Sunday, July 5, 2009
'The Model As Muse' at the Metropolitan Museum of Art
'The Model as Muse' show at the Metropolitan Museum of Art felt like an air mattress of an exhibition, sustaining a large body for a long period of time but eventually collapsing in upon itself. I know something about air mattresses, having slept on them enough what with my peripatetic life and having patched them up with duct tape.
Saying that, I must also say that I love looking at beautiful people and beautiful photographs and there's enough on hand to keep you entertained. I even passed by a Paris 'Vogue' cover of Janice Dickinson from 1979. Now thirty years later, she's been kicked off Celebrity Island (NBC's "I'm a Celebrity Get Me Out of Here!").
What did interest me was seeing the chronology of fashion images from the 1940s to the present; from Dovima and Suzy Parker to Penelope Tree to Twiggy to Cheryl Tiegs to Lauren Hutton to Christy Turlington to Gemma Ward to Natalia Vodianova. From one decade to the next you see how not only the clothes changes but the bodies upon which they hang. Faces and bodies like bathing suits go in and out of fashion.

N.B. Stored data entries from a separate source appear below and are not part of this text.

lemma sup_abs_mu_diff_tendsto_zero:
  "((\<lambda>e. SUP x \<in> {x. 0 \<le> x \<and> ereal x < L e}. \<bar>\<mu> e x - \<mu> 0 x\<bar>) \<longlongrightarrow> 0) (at_right 0)"
proof (rule tendstoI)
  fix r :: real assume "r > 0"
  then have "eventually (\<lambda>e. \<forall>x. 0 \<le> x \<and> ereal x < L e \<longrightarrow> \<bar>\<mu> e x - \<mu> 0 x\<bar> \<le> 2 * (r / 3)) (at_right 0)"
    by (intro eventually_mu_near_mu0) simp
  then show "eventually (\<lambda>e. dist (SUP x \<in> {x. 0 \<le> x \<and> ereal x < L e}. \<bar>\<mu> e x - \<mu> 0 x\<bar>) 0 < r) (at_right 0)"
    using eventually_at_right_real[OF zero_less_one]
  proof eventually_elim
    case (elim e)
    then have "0 \<in> {x. 0 \<le> x \<and> ereal x < L e}" using ell_pos by simp
    then show ?case
      unfolding dist_real_def diff_zero using elim \<open>r > 0\<close> by (intro abs_SUP_abs_less[where c = "2 * (r / 3)"]) auto
  qed
qed

end

theorem lemma3p1:
  fixes \<kappa> \<alpha> \<delta> :: real
  assumes "\<kappa> > 0" and "\<alpha> > 0" and "\<delta> < 0"
  shows "((\<lambda>\<epsilon>. SUP x1 \<in> {x1. 0 \<le> x1 \<and> ereal x1 < ell \<kappa> \<alpha> \<delta> \<epsilon>}.
             \<bar>mu \<kappa> \<alpha> \<delta> \<epsilon> x1 - mu \<kappa> \<alpha> \<delta> 0 x1\<bar>) \<longlongrightarrow> 0) (at_right 0)
    \<and> (\<exists>\<epsilon>0 > 0. \<exists>C1 > 0. \<exists>C2 > 0. \<exists>C3 > 0.
         \<forall>\<epsilon> x1. 0 \<le> \<epsilon> \<and> \<epsilon> \<le> \<epsilon>0 \<and> 0 \<le> x1 \<and> ereal x1 < ell \<kappa> \<alpha> \<delta> \<epsilon> \<longrightarrow>
           \<bar>mu \<kappa> \<alpha> \<delta> \<epsilon> x1\<bar> \<le> C1 * (1 + x1) powr (- 1 / \<alpha>) \<and>
           \<bar>Hfun \<kappa> \<alpha> \<epsilon> (mu \<kappa> \<alpha> \<delta> \<epsilon> x1)\<bar> \<le> C2 * (1 + x1) powr (- 1 - 1 / \<alpha>) \<and>
           \<bar>deriv (Hfun \<kappa> \<alpha> 0) (mu \<kappa> \<alpha> \<delta> \<epsilon> x1)\<bar> \<le> C3 * (1 + x1) powr (- 1))"
proof -
  interpret power_hamiltonian \<kappa> \<alpha> \<delta> using assms by unfold_locales
  let ?\<epsilon>0 = "min 1 ((-\<delta>) powr (1 + \<alpha>))" and ?C3 = "\<kappa> * (1 + \<alpha>) * mu_decay_const powr \<alpha>"
  have "?\<epsilon>0 > 0" "?C3 > 0" using assms mu_decay_const_pos by simp_all
  moreover have "\<forall>\<epsilon> x1. 0 \<le> \<epsilon> \<and> \<epsilon> \<le> ?\<epsilon>0 \<and> 0 \<le> x1 \<and> ereal x1 < ell \<kappa> \<alpha> \<delta> \<epsilon> \<longrightarrow>
           \<bar>mu \<kappa> \<alpha> \<delta> \<epsilon> x1\<bar> \<le> mu_decay_const * (1 + x1) powr (- 1 / \<alpha>) \<and>
           \<bar>Hfun \<kappa> \<alpha> \<epsilon> (mu \<kappa> \<alpha> \<delta> \<epsilon> x1)\<bar> \<le> Hfun_decay_const * (1 + x1) powr (- 1 - 1 / \<alpha>) \<and>
           \<bar>deriv (Hfun \<kappa> \<alpha> 0) (mu \<kappa> \<alpha> \<delta> \<epsilon> x1)\<bar> \<le> ?C3 * (1 + x1) powr (- 1)"
    using abs_mu_le abs_Hfun_mu_le abs_deriv_Hfun_mu_le by simp
  ultimately show ?thesis
    using sup_abs_mu_diff_tendsto_zero mu_decay_const_pos Hfun_decay_const_pos by blast
qed

end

The exhibition is called 'The Model As Muse' and what with the extensive holdings of the Metropolitan Museum of Art, I would have loved to have seen how the idea of Muse has influenced painters, as well as photographers, across the ages. I'm very curious as to
"what makes a muse?"
Why does a subject attract the attention of the artist and compels the artist to then transfer his feelings on to a canvas, or today, an inkjet print? Is it sex? Is it love?

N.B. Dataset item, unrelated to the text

(* Let $R$ be an integral domain with a language $\mathcal{L}$ which is the language of rings $\{0,1,+,\cdot\}$ possibly with extra constants and relations, and suppose Hilbert's tenth problem over $(R,\mathcal{L})$ has a positive answer. Let $K$ be the fraction field of $R$, $\overline K$ its algebraic closure, and let $\alpha\in\overline K$ be integral over $R$ with minimal equation having coefficients in $R_0=S_c'(\mathcal{L})$. Let $\mathcal{L}_\alpha=\mathcal{L}\cup\{c_\alpha,\mathrm{In}R\}$ with $c_\alpha$ a constant and $\mathrm{In}R$ a unary relation, interpreted on $R[\alpha]$ by: $+,\cdot$ the usual operations; each constant $c$ of $\mathcal{L}$ as in $R$; each relation $S$ of $\mathcal{L}$ as the same set as in $R$; $c_\alpha$ as $\alpha$; and $\mathrm{In}R(x)$ iff $x\in R$. Then Hilbert's tenth problem over $(R[\alpha],\mathcal{L}_\alpha)$ has a positive answer.
   Context: For a set $R$ with language $\mathcal{L}$ (constants, functions, relations incl. $0$ and $=$), a basic formula has the form $(t_1,\dots,t_m)\in S$ with $S$ a relation of $\mathcal{L}$ or equality and $t_j$ terms built from constants and variables via the functions; $S\subset R^k$ is Diophantine if $S=\{\vec x\mid\exists\vec y\ (f_1\wedge\dots\wedge f_r)\}$ for basic formulas $f_i$. $S_c'(\mathcal{L})=\{x\in R\mid\{x\}\text{ is Diophantine}\}$. Hilbert's tenth problem has a positive answer over $(R,\mathcal{L})$ if there is an algorithm that decides, for any finite conjunction of basic formulas with coefficients from $S_c'(\mathcal{L})$ (given via a recursive ring of such coefficients), whether it has a solution in $R$. *)

theory Defs
  imports "HOL-Computational_Algebra.Polynomial" "HOL-Library.Nat_Bijection"
begin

Sex is easier to understand. We all know the sensation of being caught in a hormonal tide and cast upon exhausted on a beach only to then be yanked back out to sea. Even the photographer with as much creativity as one of those salt crystals in the ocean, still has the impulse and energy to keep pushing the shutter button on his/her camera when confronted with a groin stirring man or woman.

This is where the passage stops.